Не люблю красивые смерти.
Во-первых, таких не бывает. Во-вторых, всякий раз, когда кто-то в кабинете произносит с томным видом: «Ну, тут всё очевидно»… мне хочется надеть перчатки и проверить на месте преступления даже пыль на подоконнике.
Смерть вообще редко бывает очевидной. Она любит удобные версии, ленивых людей, тех, кто смотрит только туда, куда ей самой выгодно. А я за почти двадцать лет работы слишком хорошо усвоила одну простую вещь… если труп выглядит аккуратно, значит, кто-то очень постарался.
В то утро мне принесли дело Карташова. Не самое громкое за месяц, но вполне способное испортить настроение даже человеку с крепкими нервами и хорошим завтраком. Мужчина, пятьдесят восемь лет, владелец сети ресторанов, найден мёртвым в домашнем кабинете в собственной квартире на Пречистенке. Окно приоткрыто, на столе стакан воды, недопитый травяной сбор, документы, планшет, очки. Следов борьбы нет. Внешних повреждений нет. По предварительной версии – внезапная остановка сердца. Для богатого, нервного, курящего мужчины, который жил так, будто организм ему выдали в аренду и без залога, диагноз вполне удобный.
Слишком удобный.
Я стояла над столом в секционной и смотрела на распечатки, фотографии, протокол осмотра и уже третий раз мысленно возвращалась к губам покойника. Не к лицу в целом, не к общей картине, а именно к губам. Они не давали мне покоя. И не только они – ещё лёгкие, слишком тяжёлые, и слизистая, и кое-какие детали по мелочи, которые обычно замечают не сразу, а потом, когда уже поздно спорить с подписанной бумажкой.

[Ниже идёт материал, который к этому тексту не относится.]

(* Let $\mathscr{H}$ be a complex Hilbert space and let $B,C$ be Hilbert–Schmidt operators on $\mathscr{H}$. Then $$w_{(2,e)}^2(B,C)\leq\frac12\Big(\max\{|\mathrm{tr}(B^2)|,|\mathrm{tr}(C^2)|\}+|\mathrm{tr}(BC)|+\max\{\|B\|_2^2,\|C\|_2^2\}+|\mathrm{tr}(BC^* )|\Big).$$
   Context: An operator $T$ on $\mathscr{H}$ is Hilbert–Schmidt if $\sum_i\|Te_i\|^2<\infty$ for some (equivalently every) orthonormal basis $\{e_i\}$; its Hilbert–Schmidt norm is $\|T\|_2=(\mathrm{tr}(T^*T))^{1/2}$. For an operator $T$, $\Re(T)=\frac12(T+T^* )$. The Hilbert–Schmidt Euclidean operator radius is $w_{(2,e)}(B,C)=\sup_{\lambda_1,\lambda_2\in\mathbb{C},\ |\lambda_1|^2+|\lambda_2|^2\leq1}\sup_{\theta\in\mathbb{R}}\|\Re(e^{i\theta}(\lambda_1B+\lambda_2C))\|_2$. *)

theory Defs
  imports "HOL-Analysis.Analysis"
begin

text \<open>Complex inner product spaces and complex Hilbert spaces
  (not available in the distribution libraries). The inner product is
  linear in the second argument and conjugate-linear in the first.\<close>

class complex_inner = real_normed_vector +
  fixes scaleC :: "complex \<Rightarrow> 'a \<Rightarrow> 'a"
    and cinner :: "'a \<Rightarrow> 'a \<Rightarrow> complex"
  assumes scaleC_of_real: "scaleC (complex_of_real r) x = scaleR r x"
    and scaleC_add_right: "scaleC a (x + y) = scaleC a x + scaleC a y"
    and scaleC_add_left: "scaleC (a + b) x = scaleC a x + scaleC b x"
    and scaleC_scaleC: "scaleC a (scaleC b x) = scaleC (a * b) x"
    and scaleC_one: "scaleC 1 x = x"
    and cinner_commute: "cinner x y = cnj (cinner y x)"
    and cinner_add_right: "cinner x (y + z) = cinner x y + cinner x z"
    and cinner_scaleC_right: "cinner x (scaleC a y) = a * cinner x y"
    and cinner_self_norm: "cinner x x = complex_of_real ((norm x)\<^sup>2)"

class chilbert_space = complex_inner + complete_space

definition bounded_clinear_op :: "('a::complex_inner \<Rightarrow> 'a) \<Rightarrow> bool" where
  "bounded_clinear_op T \<longleftrightarrow>
     (\<forall>x y. T (x + y) = T x + T y) \<and> (\<forall>c x. T (scaleC c x) = scaleC c (T x)) \<and>
     (\<exists>K. \<forall>x. norm (T x) \<le> norm x * K)"

definition adj :: "('a::complex_inner \<Rightarrow> 'a) \<Rightarrow> ('a \<Rightarrow> 'a)" where
  "adj T = (SOME S. \<forall>x y. cinner (T x) y = cinner x (S y))"

definition cspan :: "'a::complex_inner set \<Rightarrow> 'a set" where
  "cspan E = {\<Sum>e\<in>F. scaleC (c e) e | F c. finite F \<and> F \<subseteq> E}"

definition onb :: "'a::complex_inner set \<Rightarrow> bool" where
  "onb E \<longleftrightarrow> (\<forall>e\<in>E. norm e = 1) \<and> (\<forall>e\<in>E. \<forall>f\<in>E. e \<noteq> f \<longrightarrow> cinner e f = 0)
      \<and> closure (cspan E) = UNIV"

definition hilbert_schmidt :: "('a::complex_inner \<Rightarrow> 'a) \<Rightarrow> bool" where
  "hilbert_schmidt T \<longleftrightarrow> bounded_clinear_op T \<and>
     (\<exists>E. onb E \<and> (\<lambda>e. (norm (T e))\<^sup>2) summable_on E)"

definition trace :: "('a::complex_inner \<Rightarrow> 'a) \<Rightarrow> complex" where
  "trace T = infsum (\<lambda>e. cinner e (T e)) (SOME E. onb E)"

definition hs_norm :: "('a::complex_inner \<Rightarrow> 'a) \<Rightarrow> real" where
  "hs_norm T = sqrt (Re (trace (adj T \<circ> T)))"

definition ReOp :: "('a::complex_inner \<Rightarrow> 'a) \<Rightarrow> ('a \<Rightarrow> 'a)" where
  "ReOp T = (\<lambda>x. scaleC (1/2) (T x + adj T x))"

definition w2e :: "('a::complex_inner \<Rightarrow> 'a) \<Rightarrow> ('a \<Rightarrow> 'a) \<Rightarrow> real" where
  "w2e B C = Sup {hs_norm (ReOp (\<lambda>x. scaleC (exp (\<i> * complex_of_real \<theta>))
                      (scaleC l1 (B x) + scaleC l2 (C x))))
                 | l1 l2 \<theta>. (cmod l1)\<^sup>2 + (cmod l2)\<^sup>2 \<le> 1}"

end

theory Submission
  imports Defs
begin

text \<open>Write \<open>S = e\<^sup>i\<^sup>\<theta>(\<lambda>\<^sub>1B + \<lambda>\<^sub>2C) = aB + bC\<close>. Since \<open>tr(S\<^sup>*S) = tr(SS\<^sup>*)\<close> and
  \<open>tr(S\<^sup>*\<^sup>2)\<close> is the conjugate of \<open>tr(S\<^sup>2)\<close>, the self-adjoint operator \<open>Re S\<close> satisfies
  \<open>\<parallel>Re S\<parallel>\<^sub>2\<^sup>2 = (\<parallel>S\<parallel>\<^sub>2\<^sup>2 + Re tr(S\<^sup>2))/2\<close>. Expanding,
  \<open>\<parallel>S\<parallel>\<^sub>2\<^sup>2 = |a|\<^sup>2\<parallel>B\<parallel>\<^sub>2\<^sup>2 + |b|\<^sup>2\<parallel>C\<parallel>\<^sub>2\<^sup>2 + 2 Re(a b\<^sup>* tr(BC\<^sup>*))\<close> and, by \<open>tr(CB) = tr(BC)\<close>,
  \<open>tr(S\<^sup>2) = a\<^sup>2tr(B\<^sup>2) + 2ab tr(BC) + b\<^sup>2tr(C\<^sup>2)\<close>. Both are bounded by
  \<open>x\<^sup>2\<alpha> + y\<^sup>2\<beta> + 2xy\<gamma> \<le> max \<alpha> \<beta> + \<gamma>\<close> for \<open>x = |a|\<close>, \<open>y = |b|\<close>, \<open>x\<^sup>2 + y\<^sup>2 \<le> 1\<close>.
  The Hilbert space facts used (adjoints of Hilbert--Schmidt operators exist, the
  Hilbert--Schmidt sum does not depend on the basis, the trace is cyclic) all come from
  Parseval's identity and exchanging the order of summation in
  \<open>\<Sum>\<^sub>e \<Sum>\<^sub>f \<langle>Xe,f\<rangle>\<langle>f,Ye\<rangle>\<close>.\<close>

section \<open>Complex inner product spaces\<close>

lemma cnj_mult_self: "cnj z * z = complex_of_real ((cmod z)\<^sup>2)"
  by (metis complex_norm_square of_real_power mult.commute)

context complex_inner
begin

lemma scaleC_zero_right [simp]: "scaleC a 0 = 0"
  using scaleC_add_right[of a 0 0] by simp

lemma scaleC_zero_left [simp]: "scaleC 0 x = 0"
  using scaleC_add_left[of 0 0 x] by simp

lemma scaleC_minus_left: "scaleC (- a) x = - scaleC a x"
  using scaleC_add_left[of a "- a" x] by (simp add: minus_unique)

lemma scaleC_diff_left: "scaleC (a - b) x = scaleC a x - scaleC b x"
  using scaleC_add_left[of a "- b" x] by (simp add: scaleC_minus_left)

lemma cinner_add_left: "cinner (x + y) z = cinner x z + cinner y z"
  by (metis cinner_commute cinner_add_right complex_cnj_add)

lemma cinner_scaleC_left: "cinner (scaleC a x) y = cnj a * cinner x y"
  by (metis cinner_commute cinner_scaleC_right complex_cnj_mult complex_cnj_cnj)

lemma cinner_zero_right [simp]: "cinner x 0 = 0"
  using cinner_add_right[of x 0 0] by simp

lemma cinner_zero_left [simp]: "cinner 0 x = 0"
  using cinner_add_left[of 0 0 x] by simp

lemma cinner_minus_right: "cinner x (- y) = - cinner x y"
  using cinner_add_right[of x y "- y"] by (simp add: group_add_class.minus_unique)

lemma cinner_minus_left: "cinner (- x) y = - cinner x y"
  using cinner_add_left[of x "- x" y] by (simp add: group_add_class.minus_unique)

lemma cinner_diff_right: "cinner x (y - z) = cinner x y - cinner x z"
  using cinner_add_right[of x y "- z"] by (simp add: cinner_minus_right)

lemma cinner_diff_left: "cinner (x - y) z = cinner x z - cinner y z"
  using cinner_add_left[of x "- y" z] by (simp add: cinner_minus_left)

lemma cinner_sum_right: "cinner x (sum f A) = (\<Sum>i\<in>A. cinner x (f i))"
  by (induction A rule: infinite_finite_induct) (auto simp: cinner_add_right)

lemma cinner_sum_left: "cinner (sum f A) x = (\<Sum>i\<in>A. cinner (f i) x)"
  by (induction A rule: infinite_finite_induct) (auto simp: cinner_add_left)

lemma cinner_scaleR_right: "cinner x (scaleR r y) = complex_of_real r * cinner x y"
  by (metis cinner_scaleC_right scaleC_of_real)

lemma cinner_scaleR_left: "cinner (scaleR r x) y = complex_of_real r * cinner x y"
  by (metis cinner_scaleC_left scaleC_of_real complex_cnj_complex_of_real)

lemma norm_sq_cinner: "(norm x)\<^sup>2 = Re (cinner x x)"
  by (simp add: cinner_self_norm)

lemma cinner_ext:
  assumes "\<And>z. cinner z x = cinner z y"
  shows "x = y"
  using assms[of "x - y"] cinner_self_norm[of "x - y"] by (simp add: cinner_diff_right)

lemma norm_scaleC: "norm (scaleC a x) = cmod a * norm x"
proof -
  have "(norm (scaleC a x))\<^sup>2 = Re (cnj a * a * cinner x x)"
    by (metis norm_sq_cinner cinner_scaleC_left cinner_scaleC_right mult.assoc)
  also have "\<dots> = (cmod a * norm x)\<^sup>2"
    by (simp add: cnj_mult_self cinner_self_norm power_mult_distrib)
  finally show ?thesis
    by (simp add: power2_eq_iff_nonneg)
qed

lemma norm_add_sq: "(norm (x + y))\<^sup>2 = (norm x)\<^sup>2 + (norm y)\<^sup>2 + 2 * Re (cinner x y)"
proof -
  have "(norm (x + y))\<^sup>2 = Re (cinner x x + cinner x y + cinner y x + cinner y y)"
    by (simp add: norm_sq_cinner cinner_add_left cinner_add_right add.assoc)
  then show ?thesis
    by (subst (asm) cinner_commute[of y x]) (simp add: norm_sq_cinner)
qed

lemma norm_cinner_le: "cmod (cinner x y) \<le> norm x * norm y"
proof (cases "y = 0")
  case True
  then show ?thesis by simp
next
  case False
  then have ny: "norm y > 0" by simp
  define c where "c = cinner x y"
  define t where "t = cnj c / complex_of_real ((norm y)\<^sup>2)"
  have sq: "c * cnj c = complex_of_real ((cmod c)\<^sup>2)"
    by (metis cnj_mult_self mult.commute)
  have "0 \<le> (norm (x - scaleC t y))\<^sup>2" by simp
  also have "\<dots> = Re (cinner x x - t * c - cnj t * cnj c + cnj t * t * cinner y y)"
    unfolding c_def
    by (simp add: norm_sq_cinner cinner_diff_left cinner_diff_right cinner_scaleC_left
        cinner_scaleC_right algebra_simps flip: cinner_commute)
  also have "\<dots> = (norm x)\<^sup>2 - (cmod c)\<^sup>2 / (norm y)\<^sup>2"
    unfolding t_def using ny sq
    by (simp add: cinner_self_norm field_simps power2_eq_square)
  finally have "(cmod c)\<^sup>2 \<le> (norm x * norm y)\<^sup>2"
    using ny by (simp add: field_simps power_mult_distrib)
  then show ?thesis
    unfolding c_def by (meson mult_nonneg_nonneg norm_ge_zero power2_le_imp_le)
qed

end

lemma bounded_linear_cinner_right: "bounded_linear (\<lambda>y. cinner (x::'a::complex_inner) y)"
proof (rule bounded_linear_intro[where K="norm x"])
  show "cinner x (y + z) = cinner x y + cinner x z" for y z
    by (rule cinner_add_right)
  show "cinner x (scaleR r y) = scaleR r (cinner x y)" for r y
    by (simp add: cinner_scaleR_right scaleR_conv_of_real)
  show "norm (cinner x y) \<le> norm y * norm x" for y
    using norm_cinner_le[of x y] by (simp add: mult.commute)
qed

– Ирина Сергеевна, – окликнул меня Левин из токсикологии, заглянув в дверной проём. – Если вы опять хотите сказать, что у нас тут отравление века… я заранее предупреждаю: в содержимом желудка чисто. В крови – тоже ничего, кроме привычного букета большого начальника: холестерин, глюкоза, креатинин, следы никотина и общее… нежелание жить по рекомендациям врача.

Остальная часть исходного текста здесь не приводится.